Each line of the material, from the first through the one containing "(\<exists>a b. 0", is to be written out exactly.

__Extracted material__:
......

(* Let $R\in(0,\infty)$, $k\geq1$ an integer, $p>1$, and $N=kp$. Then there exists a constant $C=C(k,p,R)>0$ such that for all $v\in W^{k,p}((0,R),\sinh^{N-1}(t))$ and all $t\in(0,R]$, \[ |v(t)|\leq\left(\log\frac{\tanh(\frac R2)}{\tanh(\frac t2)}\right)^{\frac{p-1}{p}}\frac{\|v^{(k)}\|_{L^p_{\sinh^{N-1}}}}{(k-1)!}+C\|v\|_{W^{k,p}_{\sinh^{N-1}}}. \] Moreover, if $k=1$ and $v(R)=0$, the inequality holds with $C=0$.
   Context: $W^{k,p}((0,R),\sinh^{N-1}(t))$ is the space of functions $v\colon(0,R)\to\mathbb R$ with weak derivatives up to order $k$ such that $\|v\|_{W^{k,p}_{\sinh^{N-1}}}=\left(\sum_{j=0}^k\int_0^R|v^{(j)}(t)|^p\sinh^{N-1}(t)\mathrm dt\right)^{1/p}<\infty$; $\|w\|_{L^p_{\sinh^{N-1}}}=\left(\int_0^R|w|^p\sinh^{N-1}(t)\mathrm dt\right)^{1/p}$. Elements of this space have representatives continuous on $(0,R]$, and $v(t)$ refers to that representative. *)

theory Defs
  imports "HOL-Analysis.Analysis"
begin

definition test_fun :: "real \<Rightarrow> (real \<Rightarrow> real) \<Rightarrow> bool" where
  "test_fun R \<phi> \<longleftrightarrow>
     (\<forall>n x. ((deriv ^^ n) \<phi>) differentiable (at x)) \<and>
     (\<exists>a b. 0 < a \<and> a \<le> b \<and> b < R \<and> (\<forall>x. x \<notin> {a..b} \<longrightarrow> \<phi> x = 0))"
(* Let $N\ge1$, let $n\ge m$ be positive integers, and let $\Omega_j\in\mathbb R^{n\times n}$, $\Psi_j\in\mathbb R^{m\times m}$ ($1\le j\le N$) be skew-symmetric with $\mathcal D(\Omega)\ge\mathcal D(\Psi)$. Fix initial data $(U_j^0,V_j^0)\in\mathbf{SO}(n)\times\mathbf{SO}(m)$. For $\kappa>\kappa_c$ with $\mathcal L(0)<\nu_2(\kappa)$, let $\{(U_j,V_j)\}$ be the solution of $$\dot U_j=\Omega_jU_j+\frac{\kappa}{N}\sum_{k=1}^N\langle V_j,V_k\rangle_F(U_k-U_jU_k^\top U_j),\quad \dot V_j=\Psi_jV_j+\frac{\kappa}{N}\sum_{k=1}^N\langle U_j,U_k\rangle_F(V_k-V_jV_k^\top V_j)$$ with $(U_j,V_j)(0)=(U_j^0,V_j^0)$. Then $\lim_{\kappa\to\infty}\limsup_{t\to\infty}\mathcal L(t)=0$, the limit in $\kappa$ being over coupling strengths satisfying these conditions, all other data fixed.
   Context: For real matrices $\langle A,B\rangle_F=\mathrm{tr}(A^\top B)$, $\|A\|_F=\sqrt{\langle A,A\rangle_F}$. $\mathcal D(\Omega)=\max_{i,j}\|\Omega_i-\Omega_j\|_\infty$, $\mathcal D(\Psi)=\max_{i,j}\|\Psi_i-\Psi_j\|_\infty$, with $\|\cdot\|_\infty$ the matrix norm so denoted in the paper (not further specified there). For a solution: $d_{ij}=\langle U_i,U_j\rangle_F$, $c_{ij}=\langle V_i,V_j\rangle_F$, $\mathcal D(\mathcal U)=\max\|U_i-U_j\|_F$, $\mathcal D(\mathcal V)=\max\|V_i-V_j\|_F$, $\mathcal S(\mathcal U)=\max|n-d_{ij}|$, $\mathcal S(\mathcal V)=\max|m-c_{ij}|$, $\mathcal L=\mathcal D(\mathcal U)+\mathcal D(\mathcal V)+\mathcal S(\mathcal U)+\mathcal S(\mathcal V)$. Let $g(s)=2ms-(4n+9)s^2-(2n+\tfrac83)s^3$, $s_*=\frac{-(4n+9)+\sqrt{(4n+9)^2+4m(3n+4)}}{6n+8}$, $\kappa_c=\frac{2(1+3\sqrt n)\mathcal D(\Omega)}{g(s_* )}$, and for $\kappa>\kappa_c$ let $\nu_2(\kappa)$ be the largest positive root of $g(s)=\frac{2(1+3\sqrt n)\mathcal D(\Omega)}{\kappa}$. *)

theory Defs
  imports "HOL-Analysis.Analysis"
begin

......

__Solution to this exercise__:
(* Let $R\in(0,\infty)$, $k\geq1$ an integer, $p>1$, and $N=kp$. Then there exists a constant $C=C(k,p,R)>0$ such that for all $v\in W^{k,p}((0,R),\sinh^{N-1}(t))$ and all $t\in(0,R]$, \[ |v(t)|\leq\left(\log\frac{\tanh(\frac R2)}{\tanh(\frac t2)}\right)^{\frac{p-1}{p}}\frac{\|v^{(k)}\|_{L^p_{\sinh^{N-1}}}}{(k-1)!}+C\|v\|_{W^{k,p}_{\sinh^{N-1}}}. \] Moreover, if $k=1$ and $v(R)=0$, the inequality holds with $C=0$.
   Context: $W^{k,p}((0,R),\sinh^{N-1}(t))$ is the space of functions $v\colon(0,R)\to\mathbb R$ with weak derivatives up to order $k$ such that $\|v\|_{W^{k,p}_{\sinh^{N-1}}}=\left(\sum_{j=0}^k\int_0^R|v^{(j)}(t)|^p\sinh^{N-1}(t)\mathrm dt\right)^{1/p}<\infty$; $\|w\|_{L^p_{\sinh^{N-1}}}=\left(\int_0^R|w|^p\sinh^{N-1}(t)\mathrm dt\right)^{1/p}$. Elements of this space have representatives continuous on $(0,R]$, and $v(t)$ refers to that representative. *)

theory Defs
  imports "HOL-Analysis.Analysis"
begin

definition test_fun :: "real \<Rightarrow> (real \<Rightarrow> real) \<Rightarrow> bool" where
  "test_fun R \<phi> \<longleftrightarrow>
     (\<forall>n x. ((deriv ^^ n) \<phi>) differentiable (at x)) \<and>
     (\<exists>a b. 0 < a \<and> a \<le> b \<and> b < R \<and> (\<forall>x. x \<notin> {a..b} \<longrightarrow> \<phi> x = 0))"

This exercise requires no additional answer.